Что касается описания всей процедуры, для меня самое сложное донести ее своим ученикам, даже при условии, что у меня в руках палитра и кисти, а перед нами натурщик; и вовсе безнадежной кажется задача все это облачить в абстрактную форму.
Несмотря на это, при участии двух его бывших учеников, Мисс Хейнеман и господина Генри Хейли стало возможным получить хоть какое-то представление о его методике.
Впервые раскритиковав работы Мисс Хейнеман, он настаивал на том, что она должна писать натурщиков, а не своих друзей.
Когда вы пишите друзей, и они, и вы в основном обеспокоены вопросом схожести. У вас нет возможности при первом желании избавиться от холста и начать все заново – у вас нет возможности продолжать попытки до бесконечности, пока вы не решите проблему.
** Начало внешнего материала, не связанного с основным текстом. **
(* For every $f(y,t,x)\in\mathbb{C}[[y,t,x]]$, either $\mathfrak{c}(\operatorname{Conv}_\varphi(f))=0$ or $\operatorname{Conv}_\varphi(f)=\mathbb{C}$.
   Context: Let $x=(x_1,\dots,x_n)$. A formal power series is convergent if its coefficients satisfy $|a_\alpha|\le C^{|\alpha|}$ for some $C$ and all $\alpha\ne0$. Fix a convergent power series $\varphi(t,x)=\sum_{j\ge1}b_j(x)t^j$ with convergent $b_j(x)\in\mathbb{C}[[x]]$ and $b_1(0)=1$. For $s\in\mathbb{C}$ put $\varphi(s,t,x)=s\,b_1(x)t+\sum_{j\ge2}b_j(x)t^j$. For $f\in\mathbb{C}[[y,t,x]]$, $\operatorname{Conv}_\varphi(f)=\{s\in\mathbb{C}: f(\varphi(s,t,x),t,x)\text{ converges as a power series in }(t,x)\}$. $\mathfrak{c}$ denotes logarithmic capacity; for an $F_\sigma$ set $E$, $\mathfrak{c}(E)=0$ means $\mathfrak{c}(E\cap\{|z|\le r\})=0$ for all $r\ge0$. *)

theory Defs
  imports "HOL-Probability.Probability"
begin

text \<open>The variables x = (x_1..x_n) are indexed by a finite type 'n; a multi-index is
  a function 'n => nat.  A series in (t,x) is given by its coefficient function
  a m alpha = coefficient of t^m x^alpha.  A series in (y,t,x) is given by
  f k m alpha = coefficient of y^k t^m x^alpha.\<close>

type_synonym 'n tx_series = "nat \<Rightarrow> ('n \<Rightarrow> nat) \<Rightarrow> complex"
type_synonym 'n ytx_series = "nat \<Rightarrow> nat \<Rightarrow> ('n \<Rightarrow> nat) \<Rightarrow> complex"
type_synonym 'n x_series = "('n \<Rightarrow> nat) \<Rightarrow> complex"

definition mi_size :: "('n::finite \<Rightarrow> nat) \<Rightarrow> nat" where
  "mi_size \<alpha> = (\<Sum>i\<in>UNIV. \<alpha> i)"

definition x_convergent :: "('n::finite) x_series \<Rightarrow> bool" where
  "x_convergent a \<longleftrightarrow> (\<exists>C::real. \<forall>\<alpha>. \<alpha> \<noteq> (\<lambda>_. 0) \<longrightarrow> cmod (a \<alpha>) \<le> C ^ mi_size \<alpha>)"

definition tx_convergent :: "('n::finite) tx_series \<Rightarrow> bool" where
  "tx_convergent a \<longleftrightarrow> (\<exists>C::real. \<forall>m \<alpha>. (m, \<alpha>) \<noteq> (0, (\<lambda>_. 0)) \<longrightarrow>
      cmod (a m \<alpha>) \<le> C ^ (m + mi_size \<alpha>))"

definition tx_mult :: "('n::finite) tx_series \<Rightarrow> 'n tx_series \<Rightarrow> 'n tx_series" where
  "tx_mult p q = (\<lambda>m \<alpha>. \<Sum>i\<le>m. \<Sum>\<beta>\<in>{\<beta>. \<forall>j. \<beta> j \<le> \<alpha> j}.
       p i \<beta> * q (m - i) (\<lambda>j. \<alpha> j - \<beta> j))"

definition tx_one :: "('n::finite) tx_series" where
  "tx_one = (\<lambda>m \<alpha>. if m = 0 \<and> \<alpha> = (\<lambda>_. 0) then 1 else 0)"

primrec tx_pow :: "('n::finite) tx_series \<Rightarrow> nat \<Rightarrow> 'n tx_series" where
  "tx_pow p 0 = tx_one"
| "tx_pow p (Suc k) = tx_mult p (tx_pow p k)"

text \<open>Substitution y := g into f(y,t,x), for g with no t-free terms (g 0 _ = 0), so
  that g^k has t-order >= k and only k <= m contributes to the t^m coefficient.\<close>
definition subst_y :: "('n::finite) ytx_series \<Rightarrow> 'n tx_series \<Rightarrow> 'n tx_series" where
  "subst_y f g = (\<lambda>m \<alpha>. \<Sum>k\<le>m. tx_mult (f k) (tx_pow g k) m \<alpha>)"

definition phi_s :: "(nat \<Rightarrow> ('n::finite) x_series) \<Rightarrow> complex \<Rightarrow> 'n tx_series" where
  "phi_s b s = (\<lambda>m \<alpha>. if m = 0 then 0 else if m = 1 then s * b 1 \<alpha> else b m \<alpha>)"

definition phi_series :: "(nat \<Rightarrow> ('n::finite) x_series) \<Rightarrow> 'n tx_series" where
  "phi_series b = (\<lambda>m \<alpha>. if m = 0 then 0 else b m \<alpha>)"

definition Conv_phi :: "(nat \<Rightarrow> ('n::finite) x_series) \<Rightarrow> 'n ytx_series \<Rightarrow> complex set" where
  "Conv_phi b f = {s. tx_convergent (subst_y f (phi_s b s))}"

section \<open>Logarithmic capacity (Ransford, Def. 5.1.1)\<close>

text \<open>Logarithmic energy I(mu) = int int log(1/|z-w|) dmu(z) dmu(w), written as
  (positive part) - (negative part); for compactly supported mu the negative part is finite.\<close>
definition log_energy :: "complex measure \<Rightarrow> ereal" where
  "log_energy \<mu> =
     enn2ereal (\<integral>\<^sup>+ z. \<integral>\<^sup>+ w. (if z = w then \<infinity> else ennreal (- ln (cmod (z - w)))) \<partial>\<mu> \<partial>\<mu>)
   - enn2ereal (\<integral>\<^sup>+ z. \<integral>\<^sup>+ w. (if z = w then 0 else ennreal (ln (cmod (z - w)))) \<partial>\<mu> \<partial>\<mu>)"

definition exp_neg_ereal :: "ereal \<Rightarrow> ereal" where
  "exp_neg_ereal I = (if I = \<infinity> then 0 else if I = - \<infinity> then \<infinity> else ereal (exp (- real_of_ereal I)))"

definition log_capacity :: "complex set \<Rightarrow> ereal" where
  "log_capacity E = Sup (insert 0 {exp_neg_ereal (log_energy \<mu>) | \<mu>.
      sets \<mu> = sets borel \<and> prob_space \<mu> \<and>
      (\<exists>K. compact K \<and> K \<subseteq> E \<and> emeasure \<mu> K = 1)})"

end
От также (продолжает мисс Хейнеман) не одобрил мою палитру и кисти. На самой палитре краски располагались без какой-либо системы.
Вам нужны не капельки цвета, а достаточно краски, чтобы можно было писать.
Затем пришел черед кистей:
Не удивительно, что ваши картины производят впечатление сшитых из перьев, если вы пользуетесь этим.
Полностью очистив палитру, он выдавил краски, которых, казалось, хватит на дюжину картин.
Живопись сама по себе достаточно сложна, чтобы усугублять все это еще и беспорядком в ваших инструментах. Вам необходимы хорошие толстые кисти, которые смогут удерживать краску и в определенном смысле устойчивые к силе мазка.
Затем он при помощи угля наметил голову на холсте, при этом нанеся не более нескольких легких линий, которые он сбил тряпкой, в результате чего он получил чистый сероватого цвета (именно такой он предпочитал) холст, на котором слегка виднелись места, где были нанесены линии. Затем он начал писать. Вначале он использовал немного скипидара для растирания общего тона фона и для нанесения очертаний головы (реальных очертаний, где встречается свет и тень, а не где голова переходит в фон), для определения массы волос и тона платья. Ни малейшего намека на черты лица. Это заняло у него несколько минут. В дальнейшем он пользовался цветом без какого-либо вспомогательного средства: масла, скипидара или других смесей.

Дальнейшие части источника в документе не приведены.